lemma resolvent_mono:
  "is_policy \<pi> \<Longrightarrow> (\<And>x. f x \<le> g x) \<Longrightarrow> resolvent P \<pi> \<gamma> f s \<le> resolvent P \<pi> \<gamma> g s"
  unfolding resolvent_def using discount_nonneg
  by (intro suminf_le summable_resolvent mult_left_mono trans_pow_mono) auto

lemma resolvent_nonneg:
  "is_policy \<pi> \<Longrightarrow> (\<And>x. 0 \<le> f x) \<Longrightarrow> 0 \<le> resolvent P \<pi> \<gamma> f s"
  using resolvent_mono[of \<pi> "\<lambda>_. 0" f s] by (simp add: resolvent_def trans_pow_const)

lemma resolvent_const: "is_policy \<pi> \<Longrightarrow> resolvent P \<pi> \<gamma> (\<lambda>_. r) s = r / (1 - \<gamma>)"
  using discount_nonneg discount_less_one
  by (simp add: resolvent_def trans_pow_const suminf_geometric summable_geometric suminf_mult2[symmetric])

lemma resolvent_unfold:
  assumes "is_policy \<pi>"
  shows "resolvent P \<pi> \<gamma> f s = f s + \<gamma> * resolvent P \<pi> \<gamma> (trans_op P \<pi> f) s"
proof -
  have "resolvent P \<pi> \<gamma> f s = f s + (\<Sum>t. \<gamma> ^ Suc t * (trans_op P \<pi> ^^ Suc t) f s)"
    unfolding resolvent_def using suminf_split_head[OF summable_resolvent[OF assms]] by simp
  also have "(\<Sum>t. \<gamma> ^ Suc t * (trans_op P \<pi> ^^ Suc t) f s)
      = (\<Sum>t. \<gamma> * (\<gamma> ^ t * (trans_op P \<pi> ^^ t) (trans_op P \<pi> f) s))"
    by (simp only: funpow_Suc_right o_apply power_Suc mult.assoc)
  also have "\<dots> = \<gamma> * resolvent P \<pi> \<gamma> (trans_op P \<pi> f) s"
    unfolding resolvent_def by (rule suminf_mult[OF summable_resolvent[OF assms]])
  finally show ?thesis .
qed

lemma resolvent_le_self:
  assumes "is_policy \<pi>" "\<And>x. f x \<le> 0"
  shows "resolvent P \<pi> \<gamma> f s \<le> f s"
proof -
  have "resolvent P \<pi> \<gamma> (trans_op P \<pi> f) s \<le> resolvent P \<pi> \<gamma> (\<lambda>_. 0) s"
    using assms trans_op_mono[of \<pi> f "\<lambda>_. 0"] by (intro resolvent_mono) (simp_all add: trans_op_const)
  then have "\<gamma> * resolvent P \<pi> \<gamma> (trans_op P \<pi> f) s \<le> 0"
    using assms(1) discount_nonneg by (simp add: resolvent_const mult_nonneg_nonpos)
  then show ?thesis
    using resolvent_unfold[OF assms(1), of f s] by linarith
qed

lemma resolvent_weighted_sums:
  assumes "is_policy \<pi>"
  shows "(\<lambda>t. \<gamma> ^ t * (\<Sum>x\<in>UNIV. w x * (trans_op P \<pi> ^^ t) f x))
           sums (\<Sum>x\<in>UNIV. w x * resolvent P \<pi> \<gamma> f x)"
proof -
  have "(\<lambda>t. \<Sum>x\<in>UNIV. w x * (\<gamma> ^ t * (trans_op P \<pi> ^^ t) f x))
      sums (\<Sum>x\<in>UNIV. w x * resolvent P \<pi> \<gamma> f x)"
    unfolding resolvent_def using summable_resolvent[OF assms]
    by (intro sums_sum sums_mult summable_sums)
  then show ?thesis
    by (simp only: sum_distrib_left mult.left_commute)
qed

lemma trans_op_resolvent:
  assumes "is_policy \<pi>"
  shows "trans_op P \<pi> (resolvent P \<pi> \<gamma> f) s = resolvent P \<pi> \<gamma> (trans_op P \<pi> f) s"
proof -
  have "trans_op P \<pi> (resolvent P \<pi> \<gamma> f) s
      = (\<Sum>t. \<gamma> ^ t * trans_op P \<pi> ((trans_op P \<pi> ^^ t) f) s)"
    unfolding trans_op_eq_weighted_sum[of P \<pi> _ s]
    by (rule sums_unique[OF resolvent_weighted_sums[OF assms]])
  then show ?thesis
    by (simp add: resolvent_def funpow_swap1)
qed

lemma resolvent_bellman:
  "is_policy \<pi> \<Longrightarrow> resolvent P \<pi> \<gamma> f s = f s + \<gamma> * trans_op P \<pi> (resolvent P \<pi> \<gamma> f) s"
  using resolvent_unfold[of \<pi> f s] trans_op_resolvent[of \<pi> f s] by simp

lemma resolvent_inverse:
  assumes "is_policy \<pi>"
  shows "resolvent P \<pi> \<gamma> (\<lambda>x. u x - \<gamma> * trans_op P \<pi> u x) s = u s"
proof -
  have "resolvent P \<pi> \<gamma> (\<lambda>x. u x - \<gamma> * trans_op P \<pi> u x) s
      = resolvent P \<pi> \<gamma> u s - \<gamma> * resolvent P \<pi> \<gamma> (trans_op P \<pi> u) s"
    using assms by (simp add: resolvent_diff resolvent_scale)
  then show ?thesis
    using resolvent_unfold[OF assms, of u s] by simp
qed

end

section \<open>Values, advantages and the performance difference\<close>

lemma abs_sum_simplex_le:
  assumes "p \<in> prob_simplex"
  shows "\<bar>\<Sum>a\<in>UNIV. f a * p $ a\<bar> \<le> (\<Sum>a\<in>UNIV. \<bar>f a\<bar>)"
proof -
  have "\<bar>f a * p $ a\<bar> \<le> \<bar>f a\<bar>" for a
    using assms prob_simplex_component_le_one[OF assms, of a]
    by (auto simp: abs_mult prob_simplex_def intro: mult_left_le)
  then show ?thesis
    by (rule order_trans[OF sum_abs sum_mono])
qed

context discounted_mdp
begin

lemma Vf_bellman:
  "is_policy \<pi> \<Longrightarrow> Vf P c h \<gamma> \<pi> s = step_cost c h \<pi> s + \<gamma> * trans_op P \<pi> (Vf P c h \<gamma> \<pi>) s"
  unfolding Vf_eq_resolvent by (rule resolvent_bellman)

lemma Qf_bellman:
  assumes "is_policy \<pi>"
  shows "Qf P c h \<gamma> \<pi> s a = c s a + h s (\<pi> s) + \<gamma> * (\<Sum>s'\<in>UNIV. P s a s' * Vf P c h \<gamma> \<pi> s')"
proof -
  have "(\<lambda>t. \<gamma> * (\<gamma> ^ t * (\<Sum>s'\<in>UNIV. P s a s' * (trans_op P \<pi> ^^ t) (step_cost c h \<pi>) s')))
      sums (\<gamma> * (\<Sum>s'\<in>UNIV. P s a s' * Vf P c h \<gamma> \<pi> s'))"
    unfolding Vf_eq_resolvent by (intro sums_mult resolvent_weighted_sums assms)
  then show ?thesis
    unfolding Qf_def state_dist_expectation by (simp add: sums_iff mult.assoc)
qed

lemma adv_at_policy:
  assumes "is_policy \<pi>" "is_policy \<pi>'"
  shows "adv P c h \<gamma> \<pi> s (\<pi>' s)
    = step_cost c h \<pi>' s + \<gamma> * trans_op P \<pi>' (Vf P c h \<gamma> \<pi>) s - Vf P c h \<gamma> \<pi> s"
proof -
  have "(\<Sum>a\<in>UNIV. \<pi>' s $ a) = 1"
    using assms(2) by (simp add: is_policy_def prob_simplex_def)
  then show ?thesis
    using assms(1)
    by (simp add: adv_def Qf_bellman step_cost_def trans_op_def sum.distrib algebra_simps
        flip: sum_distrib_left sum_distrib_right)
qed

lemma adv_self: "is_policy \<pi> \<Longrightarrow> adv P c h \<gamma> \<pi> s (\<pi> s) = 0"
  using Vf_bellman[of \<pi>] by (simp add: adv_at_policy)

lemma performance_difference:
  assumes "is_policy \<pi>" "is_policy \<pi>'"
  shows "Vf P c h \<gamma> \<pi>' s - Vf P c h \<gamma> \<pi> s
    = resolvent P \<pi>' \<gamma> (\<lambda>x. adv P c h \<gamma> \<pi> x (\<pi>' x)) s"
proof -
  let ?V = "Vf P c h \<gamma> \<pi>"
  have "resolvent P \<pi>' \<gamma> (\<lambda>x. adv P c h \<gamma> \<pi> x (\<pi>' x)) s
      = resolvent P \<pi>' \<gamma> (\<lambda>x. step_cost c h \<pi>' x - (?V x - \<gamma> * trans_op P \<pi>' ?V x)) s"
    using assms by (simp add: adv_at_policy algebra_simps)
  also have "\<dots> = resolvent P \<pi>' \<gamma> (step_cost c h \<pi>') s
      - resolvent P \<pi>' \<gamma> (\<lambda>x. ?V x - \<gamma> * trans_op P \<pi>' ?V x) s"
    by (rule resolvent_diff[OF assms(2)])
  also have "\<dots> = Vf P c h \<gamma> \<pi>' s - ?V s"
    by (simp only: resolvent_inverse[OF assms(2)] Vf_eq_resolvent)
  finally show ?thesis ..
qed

* [WHAT IS NEEDED]: Begin at the first line of the material and transcribe each line exactly. End with the line containing "unfolding resolvent_def using discount_nonneg", and give nothing else.

* [SOLUTION FOR THIS EXERCISE]:
lemma resolvent_mono:
  "is_policy \<pi> \<Longrightarrow> (\<And>x. f x \<le> g x) \<Longrightarrow> resolvent P \<pi> \<gamma> f s \<le> resolvent P \<pi> \<gamma> g s"
  unfolding resolvent_def using discount_nonneg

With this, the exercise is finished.